# [Directions for this task]
The entries below contain a stretch that opens with the line containing "(\<forall>x\<in>B. \<forall>y\<in>B. \<alpha>" and closes with the line containing "(\<forall>x\<in>B. \<alpha> (adj"; set down that stretch exactly, both ends included, and nothing else.

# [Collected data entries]
=====

(* Let $(B,\mathbb{T},\omega)$ be a $C^*$-dynamical system with $B\subset B(H)$ for a Hilbert space $H$, and let $A$ be a maximal (abelian $\mathbb{T}$-invariant $*$-subalgebra) of $B$. Then $\pi_0(A'\cap B)\subset A$.
   Context: A $C^*$-dynamical system $(B,\mathbb{T},\omega)$: $B$ a $C^*$-algebra, $\omega:\mathbb{T}\to\mathrm{Aut}(B)$ a homomorphism with $t\mapsto\omega_t(b)$ norm-continuous for each $b$. A maximal (abelian $\mathbb{T}$-invariant $*$-subalgebra) is a $*$-subalgebra which is abelian, satisfies $\omega_t(A)\subset A$ for all $t$, and is maximal among such. $A'$ denotes the commutant of $A$ in $B(H)$. $\pi_0(b)=\int_{\mathbb{T}}\omega_t(b)\,dt$, with $dt$ normalised Haar measure. *)

theory Defs
  imports "HOL-Analysis.Analysis"
begin

text \<open>A complex Hilbert space H is modelled as a real Hilbert space (type class
real_inner + complete_space, inner product = real part of the complex inner product)
together with an orthogonal complex structure J (multiplication by i).
B(H) is then the set of bounded real-linear operators commuting with J, i.e. the
bounded complex-linear operators.\<close>

definition complex_structure :: "('h::{real_inner,complete_space} \<Rightarrow>\<^sub>L 'h) \<Rightarrow> bool" where
  "complex_structure J \<longleftrightarrow> J o\<^sub>L J = - id_blinfun \<and> (\<forall>x y. inner (J x) (J y) = inner x y)"

definition BH :: "('h::{real_inner,complete_space} \<Rightarrow>\<^sub>L 'h) \<Rightarrow> ('h \<Rightarrow>\<^sub>L 'h) set" where
  "BH J = {T. T o\<^sub>L J = J o\<^sub>L T}"

definition cscale :: "('h::{real_inner,complete_space} \<Rightarrow>\<^sub>L 'h) \<Rightarrow> complex \<Rightarrow> ('h \<Rightarrow>\<^sub>L 'h) \<Rightarrow> ('h \<Rightarrow>\<^sub>L 'h)" where
  "cscale J c T = Re c *\<^sub>R T + Im c *\<^sub>R (J o\<^sub>L T)"

definition adj :: "('h::{real_inner,complete_space} \<Rightarrow>\<^sub>L 'h) \<Rightarrow> ('h \<Rightarrow>\<^sub>L 'h)" where
  "adj T = (THE S :: 'h \<Rightarrow>\<^sub>L 'h. \<forall>x y. inner (T x) y = inner x (blinfun_apply S y))"

definition star_subalgebra :: "('h::{real_inner,complete_space} \<Rightarrow>\<^sub>L 'h) \<Rightarrow> ('h \<Rightarrow>\<^sub>L 'h) set \<Rightarrow> bool" where
  "star_subalgebra J S \<longleftrightarrow> S \<subseteq> BH J \<and> 0 \<in> S \<and>
     (\<forall>x\<in>S. \<forall>y\<in>S. x + y \<in> S \<and> x o\<^sub>L y \<in> S) \<and>
     (\<forall>c. \<forall>x\<in>S. cscale J c x \<in> S) \<and> (\<forall>x\<in>S. adj x \<in> S)"

definition cstar_subalgebra :: "('h::{real_inner,complete_space} \<Rightarrow>\<^sub>L 'h) \<Rightarrow> ('h \<Rightarrow>\<^sub>L 'h) set \<Rightarrow> bool" where
  "cstar_subalgebra J S \<longleftrightarrow> star_subalgebra J S \<and> closed S"

definition star_automorphism :: "('h::{real_inner,complete_space} \<Rightarrow>\<^sub>L 'h) \<Rightarrow> ('h \<Rightarrow>\<^sub>L 'h) set
     \<Rightarrow> (('h \<Rightarrow>\<^sub>L 'h) \<Rightarrow> ('h \<Rightarrow>\<^sub>L 'h)) \<Rightarrow> bool" where
  "star_automorphism J B \<alpha> \<longleftrightarrow> bij_betw \<alpha> B B \<and>
     (\<forall>x\<in>B. \<forall>y\<in>B. \<alpha> (x + y) = \<alpha> x + \<alpha> y \<and> \<alpha> (x o\<^sub>L y) = \<alpha> x o\<^sub>L \<alpha> y) \<and>
     (\<forall>c. \<forall>x\<in>B. \<alpha> (cscale J c x) = cscale J c (\<alpha> x)) \<and>
     (\<forall>x\<in>B. \<alpha> (adj x) = adj (\<alpha> x))"

text \<open>C*-dynamical system (B, T, \<omega>), with T = R/Z parametrised by real t (period 1):
\<omega> is a homomorphism T \<rightarrow> Aut(B), pointwise norm-continuous.\<close>
definition cstar_dynamical_system :: "('h::{real_inner,complete_space} \<Rightarrow>\<^sub>L 'h) \<Rightarrow> ('h \<Rightarrow>\<^sub>L 'h) set
     \<Rightarrow> (real \<Rightarrow> ('h \<Rightarrow>\<^sub>L 'h) \<Rightarrow> ('h \<Rightarrow>\<^sub>L 'h)) \<Rightarrow> bool" where
  "cstar_dynamical_system J B \<omega> \<longleftrightarrow> cstar_subalgebra J B \<and>
     (\<forall>t. star_automorphism J B (\<omega> t)) \<and>
     (\<forall>b\<in>B. \<omega> 0 b = b) \<and>
     (\<forall>s t. \<forall>b\<in>B. \<omega> (s + t) b = \<omega> s (\<omega> t b)) \<and>
     (\<forall>t. \<forall>b\<in>B. \<omega> (t + 1) b = \<omega> t b) \<and>
     (\<forall>b\<in>B. continuous_on UNIV (\<lambda>t. \<omega> t b))"

definition abelian_invariant :: "('h::{real_inner,complete_space} \<Rightarrow>\<^sub>L 'h) \<Rightarrow> ('h \<Rightarrow>\<^sub>L 'h) set
     \<Rightarrow> (real \<Rightarrow> ('h \<Rightarrow>\<^sub>L 'h) \<Rightarrow> ('h \<Rightarrow>\<^sub>L 'h)) \<Rightarrow> ('h \<Rightarrow>\<^sub>L 'h) set \<Rightarrow> bool" where
  "abelian_invariant J B \<omega> A \<longleftrightarrow> star_subalgebra J A \<and> A \<subseteq> B \<and>
     (\<forall>x\<in>A. \<forall>y\<in>A. x o\<^sub>L y = y o\<^sub>L x) \<and> (\<forall>t. \<omega> t ` A \<subseteq> A)"

definition maximal_abelian_invariant :: "('h::{real_inner,complete_space} \<Rightarrow>\<^sub>L 'h) \<Rightarrow> ('h \<Rightarrow>\<^sub>L 'h) set
     \<Rightarrow> (real \<Rightarrow> ('h \<Rightarrow>\<^sub>L 'h) \<Rightarrow> ('h \<Rightarrow>\<^sub>L 'h)) \<Rightarrow> ('h \<Rightarrow>\<^sub>L 'h) set \<Rightarrow> bool" where
  "maximal_abelian_invariant J B \<omega> A \<longleftrightarrow> abelian_invariant J B \<omega> A \<and>
     (\<forall>C. abelian_invariant J B \<omega> C \<and> A \<subseteq> C \<longrightarrow> C = A)"
(* A green Veldkamp quadrangle $\Gamma$ is flat if and only if $\Gamma$ contains no weeds.
   Context: A graph is a pair $(V,E)$ with $E$ a set of $2$-element subsets of $V$; $\Gamma_v$ is the set of neighbors of $v$. An $s$-path is a sequence $(x_0,\dots,x_s)$ of vertices with consecutive vertices adjacent and $x_{i-2}\ne x_i$ for $i\in[2,s]$; ${\rm dist}$ is graph distance. A closed $s$-path is an $s$-path with $s\ge3$ whose first and last vertices coincide; an $s$-circuit is the subgraph determined by a closed $s$-path. An opposition relation on a set $X$ is a symmetric anti-reflexive relation; trivial if any two distinct elements are related; $k$-plump if for every $S\subseteq X$ with $|S|\le k$ some element of $X$ is related to all elements of $S$. A Veldkamp graph is a graph with a $2$-plump opposition relation $\equiv_v$ on $\Gamma_v$ for each vertex $v$. A path $(v_0,\dots,v_s)$ is straight if $v_{i-1}\equiv_{v_i}v_{i+1}$ for all $i\in[1,s-1]$; a circuit is straight if every path in it is straight. A Veldkamp $n$-gon ($n\ge2$) is a Veldkamp graph satisfying (VP1) connected and bipartite; (VP2) for each $k\in[1,n-1]$ each straight $k$-path is the unique straight path between its endpoints of length at most $k$; (VP3) every straight $(n+1)$-path lies in a straight $2n$-circuit. A root is a straight $n$-path; two vertices are opposite if there is a root between them; $x^{\rm op}$ is the set of vertices opposite $x$; the polygon is flat if $x^{\rm op}=y^{\rm op}$ implies $x=y$ for all vertices $x,y$. A Veldkamp quadrangle is a Veldkamp $4$-gon, with bipartition classes called points $P$ and lines $L$; it is green if $\equiv_x$ is trivial for every line $x$. A weed is a non-straight $4$-path $(a,x,b,y,c)$ with $a,b,c\in P$ and ${\rm dist}(a,c)=4$. *)

theory Defs
  imports Main
begin

definition graph :: "'a set \<Rightarrow> 'a set set \<Rightarrow> bool" where
  "graph V E \<longleftrightarrow> (\<forall>e\<in>E. \<exists>x y. x \<noteq> y \<and> x \<in> V \<and> y \<in> V \<and> e = {x, y})"

definition nbrs :: "'a set set \<Rightarrow> 'a \<Rightarrow> 'a set" where
  "nbrs E v = {u. {v, u} \<in> E}"

definition opposition_rel :: "'a set \<Rightarrow> ('a \<Rightarrow> 'a \<Rightarrow> bool) \<Rightarrow> bool" where
  "opposition_rel X R \<longleftrightarrow> (\<forall>x y. R x y \<longrightarrow> x \<in> X \<and> y \<in> X)
     \<and> (\<forall>x y. R x y \<longrightarrow> R y x) \<and> (\<forall>x. \<not> R x x)"

definition trivial_opp :: "'a set \<Rightarrow> ('a \<Rightarrow> 'a \<Rightarrow> bool) \<Rightarrow> bool" where
  "trivial_opp X R \<longleftrightarrow> (\<forall>x\<in>X. \<forall>y\<in>X. x \<noteq> y \<longrightarrow> R x y)"
(* In the setting below, let $g_P,g_P^l,g_P^u$ be as defined there with prediction windows $D_n$, and let $g_0,g_0^l,g_0^u$ denote the same functions with every $D_n$ replaced by $0$. Let $\phi_P^*=\min_{\lambda\ge0}g_P(\lambda)$, $\phi_0^*=\min_{\lambda\ge0}g_0(\lambda)$, let $\lambda_0^*$ be a minimizer of $g_0^l$ and $\lambda_P^*$ a minimizer of $g_P^l$ over $\lambda\ge0$. Then $$g_P^l(\lambda_P^* )-g_0^u(\lambda_P^* )\le\phi_P^*-\phi_0^*\le g_P^u(\lambda_0^* )-g_0^l(\lambda_0^* ).$$
   Context: $N$ users; $B>0$. User $n$ has arrival rate $a_n\ge0$, a probability vector $\boldsymbol\eta_n$ on its channel states, $\beta_n\ge0$, integers $\tau_n\ge1$, $D_n\ge0$, a Markov channel on $\{1,\dots,K_n\}$ with transition matrix $(P_n^{i,j})$, a finite set $\mathcal E\subset[0,\infty)$ containing $0$ and a positive element, and $\zeta_n(i,\cdot):\mathcal E\to[0,1]$ with $\zeta_n(i,0)=0$, $\zeta_n(i,e)>0$ for $e>0$, strictly increasing; states are totally ordered by $\zeta_n$ (for all $i,j$ either $\zeta_n(i,e)\ge\zeta_n(j,e)\ \forall e$ or $\le\ \forall e$), with $i_n^{\max}$, $i_n^{\min}$ states of maximal and minimal $\zeta_n(\cdot,e)$ for all $e$. For $\lambda\ge0$: $V_n(0,0,i)=0$, $V_n(0,\tau,i)=\max_{e\in\mathcal E}\{-\lambda e+\zeta_n(i,e)\beta_n+(1-\zeta_n(i,e))\sum_jP_n^{i,j}V_n(0,\tau-1,j)\}$ for $1\le\tau\le\tau_n+D_n$; $V_n^l(0)=0$, $V_n^l(\tau)=\max_{e\in\mathcal E,e>0}\frac{1-[1-\zeta_n(i_n^{\min},e)]^{\tau}}{\zeta_n(i_n^{\min},e)}[-\lambda e+\zeta_n(i_n^{\min},e)\beta_n]$; $V_n^u(0)=0$, $V_n^u(\tau)=\sum_{z=1}^{\tau}\max_{e\in\mathcal E}\{-\lambda e+\zeta_n(i_n^{\max},e)(\beta_n-\max\{0,V_n^l(z-1)\})\}$ (all depending on $\lambda$). Then $g_P(\lambda)=\lambda B+\sum_n a_n\sum_i\eta_n^iV_n(0,\tau_n+D_n,i)$, $g_P^u(\lambda)=\lambda B+\sum_n a_n\min\{\beta_n,V_n^u(\tau_n+D_n)\}$, $g_P^l(\lambda)=\lambda B+\sum_n a_n\max\{0,V_n^l(\tau_n+D_n)\}$. $g_P$ ($g_0$) is the Lagrange dual function with perfect prediction (no prediction), and $\phi_P^*$ ($\phi_0^*$) the optimal weighted timely-throughput. *)

theory Defs
  imports Complex_Main
begin

text \<open>Finite-horizon value function with perfect prediction, for a single user.
  States are 1..K; zeta i e is the success probability; P i j the transition matrix.\<close>
fun Vdp :: "real \<Rightarrow> real set \<Rightarrow> (nat \<Rightarrow> real \<Rightarrow> real) \<Rightarrow> (nat \<Rightarrow> nat \<Rightarrow> real)
             \<Rightarrow> nat \<Rightarrow> real \<Rightarrow> nat \<Rightarrow> nat \<Rightarrow> real" where
  "Vdp lam E zeta P K beta 0 i = 0"
| "Vdp lam E zeta P K beta (Suc t) i =
     Max ((\<lambda>e. - lam * e + zeta i e * beta
               + (1 - zeta i e) * (\<Sum>j = 1..K. P i j * Vdp lam E zeta P K beta t j)) ` E)"

text \<open>Lower bound V^l, zmin e = zeta(i_min, e).\<close>
definition Vlow :: "real \<Rightarrow> real set \<Rightarrow> (real \<Rightarrow> real) \<Rightarrow> real \<Rightarrow> nat \<Rightarrow> real" where
  "Vlow lam E zmin beta t =
     (if t = 0 then 0
      else Max ((\<lambda>e. (1 - (1 - zmin e) ^ t) / zmin e * (- lam * e + zmin e * beta))
                ` {e \<in> E. e > 0}))"

text \<open>Upper bound V^u, zmax e = zeta(i_max, e).\<close>
definition Vup :: "real \<Rightarrow> real set \<Rightarrow> (real \<Rightarrow> real) \<Rightarrow> (real \<Rightarrow> real) \<Rightarrow> real \<Rightarrow> nat \<Rightarrow> real" where
  "Vup lam E zmax zmin beta t =
     (\<Sum>z = 1..t. Max ((\<lambda>e. - lam * e + zmax e * (beta - max 0 (Vlow lam E zmin beta (z - 1)))) ` E))"

text \<open>Dual functions. Users are indexed by n < N; D is the vector of prediction windows.\<close>
definition gdual :: "nat \<Rightarrow> real \<Rightarrow> (nat \<Rightarrow> real) \<Rightarrow> (nat \<Rightarrow> nat \<Rightarrow> real) \<Rightarrow> (nat \<Rightarrow> real)
    \<Rightarrow> (nat \<Rightarrow> nat) \<Rightarrow> (nat \<Rightarrow> nat) \<Rightarrow> (nat \<Rightarrow> nat \<Rightarrow> nat \<Rightarrow> real) \<Rightarrow> real set
    \<Rightarrow> (nat \<Rightarrow> nat \<Rightarrow> real \<Rightarrow> real) \<Rightarrow> (nat \<Rightarrow> nat) \<Rightarrow> real \<Rightarrow> real" where
  "gdual N B a eta beta tau K P E zeta D lam =
     lam * B + (\<Sum>n<N. a n * (\<Sum>i = 1..K n. eta n i *
        Vdp lam E (zeta n) (P n) (K n) (beta n) (tau n + D n) i))"

definition gdual_u :: "nat \<Rightarrow> real \<Rightarrow> (nat \<Rightarrow> real) \<Rightarrow> (nat \<Rightarrow> real) \<Rightarrow> (nat \<Rightarrow> nat)
    \<Rightarrow> real set \<Rightarrow> (nat \<Rightarrow> nat \<Rightarrow> real \<Rightarrow> real) \<Rightarrow> (nat \<Rightarrow> nat) \<Rightarrow> (nat \<Rightarrow> nat)
    \<Rightarrow> (nat \<Rightarrow> nat) \<Rightarrow> real \<Rightarrow> real" where
  "gdual_u N B a beta tau E zeta imax imin D lam =
     lam * B + (\<Sum>n<N. a n * min (beta n)
        (Vup lam E (zeta n (imax n)) (zeta n (imin n)) (beta n) (tau n + D n)))"

definition gdual_l :: "nat \<Rightarrow> real \<Rightarrow> (nat \<Rightarrow> real) \<Rightarrow> (nat \<Rightarrow> real) \<Rightarrow> (nat \<Rightarrow> nat)
    \<Rightarrow> real set \<Rightarrow> (nat \<Rightarrow> nat \<Rightarrow> real \<Rightarrow> real) \<Rightarrow> (nat \<Rightarrow> nat)
    \<Rightarrow> (nat \<Rightarrow> nat) \<Rightarrow> real \<Rightarrow> real" where
  "gdual_l N B a beta tau E zeta imin D lam =
     lam * B + (\<Sum>n<N. a n * max 0 (Vlow lam E (zeta n (imin n)) (beta n) (tau n + D n)))"

end

theory Submission
  imports Defs
begin

text \<open>For every \<open>\<lambda> \<ge> 0\<close> and every choice of prediction windows, the lower and upper dual functions
  sandwich the true one: \<open>g\<^sup>l \<le> g \<le> g\<^sup>u\<close>. Per user this is the bound
  \<open>max 0 (V\<^sup>l \<tau>) \<le> V(0,\<tau>,i) \<le> min \<beta> (V\<^sup>u \<tau>)\<close>, proved by induction on the horizon: \<open>V\<^sup>l\<close> is the
  value of a fixed power level used while the channel stays in its worst state, and \<open>V\<^sup>u\<close> adds
  up, slot by slot, the best possible one-step gain in the best state. The two-sided estimate
  on \<open>\<phi>\<^sub>P\<^sup>* - \<phi>\<^sub>0\<^sup>*\<close> then follows from comparing minima of sandwiched functions.\<close>

lemma convex_comb_ge:
  fixes p f :: "'a \<Rightarrow> real"
  assumes "\<forall>j\<in>A. p j \<ge> 0" "sum p A = 1" "\<forall>j\<in>A. c \<le> f j"
  shows "c \<le> (\<Sum>j\<in>A. p j * f j)"
proof -
  have "c = (\<Sum>j\<in>A. p j * c)" using assms(2) by (simp add: sum_distrib_right[symmetric])
  also have "\<dots> \<le> (\<Sum>j\<in>A. p j * f j)" using assms by (intro sum_mono mult_left_mono) auto
  finally show ?thesis .
qed

lemma convex_comb_le:
  fixes p f :: "'a \<Rightarrow> real"
  assumes "\<forall>j\<in>A. p j \<ge> 0" "sum p A = 1" "\<forall>j\<in>A. f j \<le> c"
  shows "(\<Sum>j\<in>A. p j * f j) \<le> c"
proof -
  have "(\<Sum>j\<in>A. p j * f j) \<le> (\<Sum>j\<in>A. p j * c)" using assms by (intro sum_mono mult_left_mono) auto
  also have "\<dots> = c" using assms(2) by (simp add: sum_distrib_right[symmetric])
  finally show ?thesis .
qed

lemma minimum_gap_bounds:
  fixes gP g0 lP l0 uP u0 :: "real \<Rightarrow> real"
  assumes sandwichP: "\<And>lam. lam \<ge> 0 \<Longrightarrow> lP lam \<le> gP lam \<and> gP lam \<le> uP lam"
    and sandwich0: "\<And>lam. lam \<ge> 0 \<Longrightarrow> l0 lam \<le> g0 lam \<and> g0 lam \<le> u0 lam"
    and phiP_min: "(\<exists>lam\<ge>0. gP lam = phiP) \<and> (\<forall>lam\<ge>0. phiP \<le> gP lam)"
    and phi0_min: "(\<exists>lam\<ge>0. g0 lam = phi0) \<and> (\<forall>lam\<ge>0. phi0 \<le> g0 lam)"
    and lamP_min: "lamP \<ge> 0 \<and> (\<forall>lam\<ge>0. lP lamP \<le> lP lam)"
    and lam0_min: "lam0 \<ge> 0 \<and> (\<forall>lam\<ge>0. l0 lam0 \<le> l0 lam)"
  shows "lP lamP - u0 lamP \<le> phiP - phi0 \<and> phiP - phi0 \<le> uP lam0 - l0 lam0"
proof -
  obtain mP where mP: "mP \<ge> 0" "gP mP = phiP" using phiP_min by blast
  obtain m0 where m0: "m0 \<ge> 0" "g0 m0 = phi0" using phi0_min by blast
  have "lP lamP \<le> phiP" using lamP_min mP sandwichP[of mP] by force
  moreover have "phi0 \<le> u0 lamP" using phi0_min lamP_min sandwich0[of lamP] by force
  moreover have "phiP \<le> uP lam0" using phiP_min lam0_min sandwichP[of lam0] by force
  moreover have "l0 lam0 \<le> phi0" using lam0_min m0 sandwich0[of m0] by force
  ultimately show ?thesis by linarith
qed

locale single_user =
  fixes lam beta :: real and E :: "real set" and zeta :: "nat \<Rightarrow> real \<Rightarrow> real"
    and P :: "nat \<Rightarrow> nat \<Rightarrow> real" and K :: nat and zmin zmax :: "real \<Rightarrow> real"
  assumes lam_nonneg: "lam \<ge> 0" and beta_nonneg: "beta \<ge> 0"
    and E_finite: "finite E" and E_nonneg: "\<forall>e\<in>E. e \<ge> 0" and E_zero: "0 \<in> E"
    and P_stochastic: "\<forall>i\<in>{1..K}. (\<forall>j\<in>{1..K}. P i j \<ge> 0) \<and> (\<Sum>j = 1..K. P i j) = 1"
    and zeta_range: "\<forall>i\<in>{1..K}. \<forall>e\<in>E. 0 \<le> zeta i e \<and> zeta i e \<le> 1"
    and zmin_le_zeta: "\<forall>i\<in>{1..K}. \<forall>e\<in>E. zmin e \<le> zeta i e"
    and zmin_range: "\<forall>e\<in>E. 0 \<le> zmin e \<and> zmin e \<le> 1"
    and zmin_pos: "\<forall>e\<in>E. e > 0 \<longrightarrow> zmin e > 0"
    and zeta_le_zmax: "\<forall>i\<in>{1..K}. \<forall>e\<in>E. zeta i e \<le> zmax e"
begin

abbreviation V :: "nat \<Rightarrow> nat \<Rightarrow> real" where
  "V \<equiv> Vdp lam E zeta P K beta"

lemma V_Suc_ge:
  assumes "e \<in> E"
  shows "- lam * e + zeta i e * beta + (1 - zeta i e) * (\<Sum>j = 1..K. P i j * V t j) \<le> V (Suc t) i"
  using assms E_finite by (auto intro!: Max_ge)

lemma V_Suc_le:
  assumes "\<forall>e\<in>E. - lam * e + zeta i e * beta + (1 - zeta i e) * (\<Sum>j = 1..K. P i j * V t j) \<le> c"
  shows "V (Suc t) i \<le> c"
proof -
  have "E \<noteq> {}" using E_zero by auto
  then show ?thesis using assms E_finite by simp
qed

lemma V_nonneg_le_beta: "\<forall>i\<in>{1..K}. 0 \<le> V t i \<and> V t i \<le> beta"
proof (induction t)
  case 0
  then show ?case using beta_nonneg by simp
next
  case (Suc t)
  show ?case
  proof
    fix i assume i: "i \<in> {1..K}"
    define A where "A = (\<Sum>j = 1..K. P i j * V t j)"
    have A: "0 \<le> A" "A \<le> beta" unfolding A_def
      using convex_comb_ge[of "{1..K}" "P i" 0 "V t"] convex_comb_le[of "{1..K}" "P i" "V t" beta]
        P_stochastic i Suc by auto
    have "0 \<le> - lam * 0 + zeta i 0 * beta + (1 - zeta i 0) * A"
      using zeta_range i E_zero A beta_nonneg by auto
    also have "\<dots> \<le> V (Suc t) i" using V_Suc_ge[OF E_zero] A_def by simp
    finally have "0 \<le> V (Suc t) i" .
    moreover have "V (Suc t) i \<le> beta"
    proof (rule V_Suc_le, intro ballI)
      fix e assume e: "e \<in> E"
      have "lam * e \<ge> 0" using lam_nonneg E_nonneg e by auto
      moreover have "(1 - zeta i e) * A \<le> (1 - zeta i e) * beta"
        using zeta_range i e A by (auto intro: mult_left_mono)
      ultimately show "- lam * e + zeta i e * beta + (1 - zeta i e) * (\<Sum>j = 1..K. P i j * V t j) \<le> beta"
        by (simp add: A_def algebra_simps)
    qed
    ultimately show "0 \<le> V (Suc t) i \<and> V (Suc t) i \<le> beta" by simp
  qed
qed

=====

# [Task response]
     (\<forall>x\<in>B. \<forall>y\<in>B. \<alpha> (x + y) = \<alpha> x + \<alpha> y \<and> \<alpha> (x o\<^sub>L y) = \<alpha> x o\<^sub>L \<alpha> y) \<and>
     (\<forall>c. \<forall>x\<in>B. \<alpha> (cscale J c x) = cscale J c (\<alpha> x)) \<and>
     (\<forall>x\<in>B. \<alpha> (adj x) = adj (\<alpha> x))"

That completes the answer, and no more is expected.